lemma mat_exp_neg_mult:
  fixes K :: "complex mat"
  assumes K: "K \<in> carrier_mat N N"
  shows "mat_exp ((-1) \<cdot>\<^sub>m K) * mat_exp K = 1\<^sub>m N"
proof (rule eq_matI)
  have K': "(-1) \<cdot>\<^sub>m K \<in> carrier_mat N N" using K by simp
  show "dim_row (mat_exp ((-1) \<cdot>\<^sub>m K) * mat_exp K) = dim_row (1\<^sub>m N)"
    "dim_col (mat_exp ((-1) \<cdot>\<^sub>m K) * mat_exp K) = dim_col (1\<^sub>m N)"
    using mat_exp_carrier[OF K] mat_exp_carrier[OF K'] by auto
  fix r c assume "r < dim_row (1\<^sub>m N)" "c < dim_col (1\<^sub>m N)"
  hence rc: "r < N" "c < N" by auto
  define a where "a l i = (((-1) \<cdot>\<^sub>m K) ^\<^sub>m i) $$ (r,l) / of_nat (fact i)" for l i
  define b where "b l i = (K ^\<^sub>m i) $$ (l,c) / of_nat (fact i)" for l i
  have summable_a: "summable (\<lambda>i. norm (a l i))" and summable_b: "summable (\<lambda>i. norm (b l i))"
    if "l < N" for l
    unfolding a_def b_def
    using summable_mat_exp_series[OF K' rc(1) that] summable_mat_exp_series[OF K that rc(2)] by auto
  have "(mat_exp ((-1) \<cdot>\<^sub>m K) * mat_exp K) $$ (r,c) = (\<Sum>l<N. (\<Sum>i. a l i) * (\<Sum>i. b l i))"
    using K K' rc by (simp add: scalar_prod_def lessThan_atLeast0 mat_exp_def a_def b_def)
  also have "\<dots> = (\<Sum>l<N. \<Sum>k. \<Sum>i\<le>k. a l i * b l (k - i))"
    using summable_a summable_b by (intro sum.cong refl Cauchy_product) auto
  also have "\<dots> = (\<Sum>k. \<Sum>l<N. \<Sum>i\<le>k. a l i * b l (k - i))"
    using summable_a summable_b by (intro suminf_sum[symmetric] summable_Cauchy_product) auto
  also have "\<dots> = (\<Sum>k. if k = 0 \<and> r = c then 1 else 0)"
    unfolding a_def b_def using cauchy_coeff_mat_exp_neg[OF K rc] by simp
  also have "\<dots> = (\<Sum>k. if k = 0 then 1\<^sub>m N $$ (r,c) else 0)"
    using rc by (intro suminf_cong) auto
  also have "\<dots> = 1\<^sub>m N $$ (r,c)"
    using sums_single[of 0 "\<lambda>_. 1\<^sub>m N $$ (r,c)"] by (rule sums_unique[symmetric])
  finally show "(mat_exp ((-1) \<cdot>\<^sub>m K) * mat_exp K) $$ (r,c) = 1\<^sub>m N $$ (r,c)" .
qed

lemma hermitian_matD:
  "hermitian_mat B \<Longrightarrow> i < dim_row B \<Longrightarrow> j < dim_col B \<Longrightarrow> B $$ (i,j) = cnj (B $$ (j,i))"
  unfolding hermitian_mat_def by (metis complex_cnj_cnj)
• • • •
EXERCISE: Take the line that holds "B \<Longrightarrow> i" as the first line and the last line of the data as the final one. Retype everything between, both included, exactly.

REPLY TO THE TASK:
  "hermitian_mat B \<Longrightarrow> i < dim_row B \<Longrightarrow> j < dim_col B \<Longrightarrow> B $$ (i,j) = cnj (B $$ (j,i))"
  unfolding hermitian_mat_def by (metis complex_cnj_cnj)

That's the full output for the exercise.